Jul 30 2008 by Laura Davis, Liverpool Daily Post
THERE’S an invisible piece of elastic that’s attached to all of us and no matter how far we stray it will pull us back to our origins.
Not with the quick snap of a bungee chord and there you are in the middle of Yorkshire with a sore neck and a sudden craving for fruit cake with cheese, but a more gentle process like a mother gradually becoming aware of the toddler tugging on the hem of her skirt.
Decades may have passed, whole generations growing up in Tunbridge Wells, until someone eventually succumbs to the urge to move to Liverpool.
If it’s anything to do with the invisible elastic, then the decision to up-sticks will have been caused by a subconscious desire to return to the place of their ancestors.
Signs of Scouse blood may have been showing up in the family for sometime – occasional incidences of out-of-character wittiness in Cousin Neil; that time in the 60s that everyone’s too polite to mention, when Uncle Norman quit his accountancy degree to join a band; Bryony’s habit of being friendly to shop assistants.
These hints have been ignored for some time until Neil, who’s known for being a bit rebellious, moves up North, and Norm’s adventures in the local records office uncovers Scouse ancestry.
Sound unlikely? Well not according to a report out this week, which reveals that 15% of Britons currently live in areas close to their family’s roots but many of them do not know it.
Others however, some 3% of British adults, have made a conscious decision to return to the area their ancestors originated from and a further one in 10 would like to – this figure increases to 16% among Londoners.
Opinium Research, which carried out the online poll of 2,234 people for the family history website findmypast.com, puts this down to feeling that we have lost touch with our family’s heritage.
These days, when often it comes as a surprise to find yourself working back in your home city after you’ve been away to university, that idea makes sense, but only in cases when you’re aware of the place your ancestors were from.
And how far do you take it? I recently had my DNA tested for a feature in this newspaper and the results revealed an ancestor living in the Perpignan region of France during the Ice Age.
Is this why I chose to study a French degree?
Does it explain my sister’s incredible aptitude for the language?
Are both those things the case because we feel in some way connected to the land of our ancestors, even though at the time I selected a university course I had no idea of the link.
Will one of us eventually move to France, or will we end up in Belgium because, going back on our dad’s side, we are descended from Huguenots?
Taking the theory to extremes, won’t our descendants all end up converging on Africa, where the human race is believed to have originated?
I feel no need to relocate to South Wales, Ireland, France or Belgium, even though I know I had ancestors who lived in all those places, but perhaps that’s because so much of my family’s history is based right here.

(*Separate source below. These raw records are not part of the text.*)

(* Let $\Psi$ be a finite (possibly empty) composition of the substitutions $U$ and $V$. (i) If $\Psi(ab)=a^{e_1}ba^{e_2}b\cdots a^{e_n}b$ with integers $e_i\ge1$, then for every $i\in\{2,\dots,n\}$, in the lexicographic order, $(e_1,e_2,\dots,e_n,\infty)>(e_i,e_{i+1},\dots,e_n,\infty)$ and $(e_n,e_{n-1},\dots,e_1,\infty)<(e_{n-i+1},e_{n-i},\dots,e_1,\infty)$. (ii) If $\Psi(ab)=ab^{e_1}ab^{e_2}\cdots ab^{e_n}$ with integers $e_i\ge1$, then for every $i\in\{2,\dots,n\}$, in the lexicographic order, $(e_1,e_2,\dots,e_n,1,1,\dots)<(e_i,e_{i+1},\dots,e_n,1,1,\dots)$ and $(e_n,e_{n-1},\dots,e_1,1,1,\dots)>(e_{n-i+1},e_{n-i},\dots,e_1,1,1,\dots)$.
   Context: Words are finite words in the letters $a,b$. The Nielsen moves are the substitutions $U:a\mapsto ab,\ b\mapsto b$ and $V:a\mapsto a,\ b\mapsto ab$, applied letterwise. Sequences are compared lexicographically, with $\infty$ regarded as larger than every integer; in (ii) the sequences are extended by infinitely many $1$'s. *)

theory Defs
  imports Main "HOL-Library.Extended_Nat"
begin

datatype letter = LA | LB

datatype nmove = MU | MV

fun nsub :: "nmove \<Rightarrow> letter \<Rightarrow> letter list" where
  "nsub MU LA = [LA, LB]"
| "nsub MU LB = [LB]"
| "nsub MV LA = [LA]"
| "nsub MV LB = [LA, LB]"
lemma card_rank_chains_below:
  assumes x: "x \<in> X" "rho x = k" and k: "k \<le> n" and T: "T \<subseteq> {1..<k}"
  shows "card (rank_chains le {a \<in> X - {zero, one}. le a x} rho T) = boolean_flag_f k T"
proof -
  let ?I = "interval_below X le zero x"
  have "x \<noteq> one" using x k rho_one by auto
  then obtain f where f: "bij_betw f ?I (Pow {..<k})"
    and iso: "\<And>y z. y \<in> ?I \<Longrightarrow> z \<in> ?I \<Longrightarrow> le y z \<longleftrightarrow> f y \<subseteq> f z"
    using boolean_below[OF x(1)] x(2) unfolding boolean_interval_def by blast
  have "rank_chains le {a \<in> X - {zero, one}. le a x} rho T = rank_chains le ?I rho T"
    using T k rho_zero rho_one zero_le by (intro rank_chains_cong) (auto simp: interval_below_def)
  moreover have "bij_betw (image f) (rank_chains le ?I rho T) (rank_chains (\<subseteq>) (Pow {..<k}) card T)"
    using f iso rho_eq_card[OF x(1) f iso] by (intro bij_betw_rank_chains) auto
  ultimately show ?thesis
    unfolding boolean_flag_f_def by (simp add: bij_betw_same_card)
qed

lemma flag_f_insert:
  assumes k: "1 \<le> k" "k \<le> n" and T: "T \<subseteq> {1..<k}"
  shows "flag_f X le zero one rho (insert k T) = fvec X rho k * boolean_flag_f k T"
proof -
  let ?A = "X - {zero, one}"
  have "flag_f X le zero one rho (insert k T)
      = (\<Sum>x\<in>{x \<in> ?A. rho x = k}. card (rank_chains le {a \<in> ?A. le a x} rho T))"
    unfolding flag_f_eq_card_rank_chains
  proof (rule card_rank_chains_insert)
    show "finite T" using T by (rule finite_subset) simp
  qed (use T finite_X refl_le rho_strict_mono in auto)
  also have "\<dots> = (\<Sum>x\<in>{x \<in> ?A. rho x = k}. boolean_flag_f k T)"
    using k T by (intro sum.cong refl card_rank_chains_below) auto
  also have "{x \<in> ?A. rho x = k} = {x \<in> X. rho x = k}"
    using k rho_zero rho_one by auto
  finally show ?thesis
    using k by (simp add: fvec_def)
qed

end

theorem mainTheorem3:
  fixes X :: "'a set" and le :: "'a \<Rightarrow> 'a \<Rightarrow> bool" and zero one :: 'a
    and rho :: "'a \<Rightarrow> nat" and n :: nat
  assumes "simplicial_poset X le zero one rho n"
  shows "Theta (abindex X le zero one rho n) = qfact n * hpoly X rho n"
proof -
  interpret simplicial X le zero one rho n
    using assms by (rule simplicial.intro)
  have "Theta (abindex X le zero one rho n)
      = (\<Sum>S\<in>Pow {1..n}. of_nat (flag_f X le zero one rho S) * flag_weight n S)"
    by (rule Theta_abindex)
  also have "\<dots> = qfact n * h_sum (fvec X rho) n"
  proof (rule sum_flag_weight_eq_qfact_h_sum[where M = n])
    show "fvec X rho 0 = 1" by (simp add: fvec_def)
  qed (use flag_f_empty flag_f_insert sum_boolean_flag_f_flag_weight in auto)
  also have "\<dots> = qfact n * hpoly X rho n"
    by (simp add: hpoly_eq_h_sum)
  finally show ?thesis .
qed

There’s the place on Woolton High Street where my Great Aunt Letticia, chauffeur to a cardinal, learned to drive, and the pub nearby where my grandmother used to change into her hockey kit as a girl.
“Go for the legs,” she advised my dad many years later as he practised dribbling in the garden.
There is the row of houses that my ancestors, Welsh builders, helped construct, and the church hall where my uncle once played with a man who was to become more famous than 1950s Woolton could ever imagine.
For some of us, the invisible elastic may not be seen but it can be heard – in the sepia-tinted stories of times long past that help us understand who we are and where we have come from.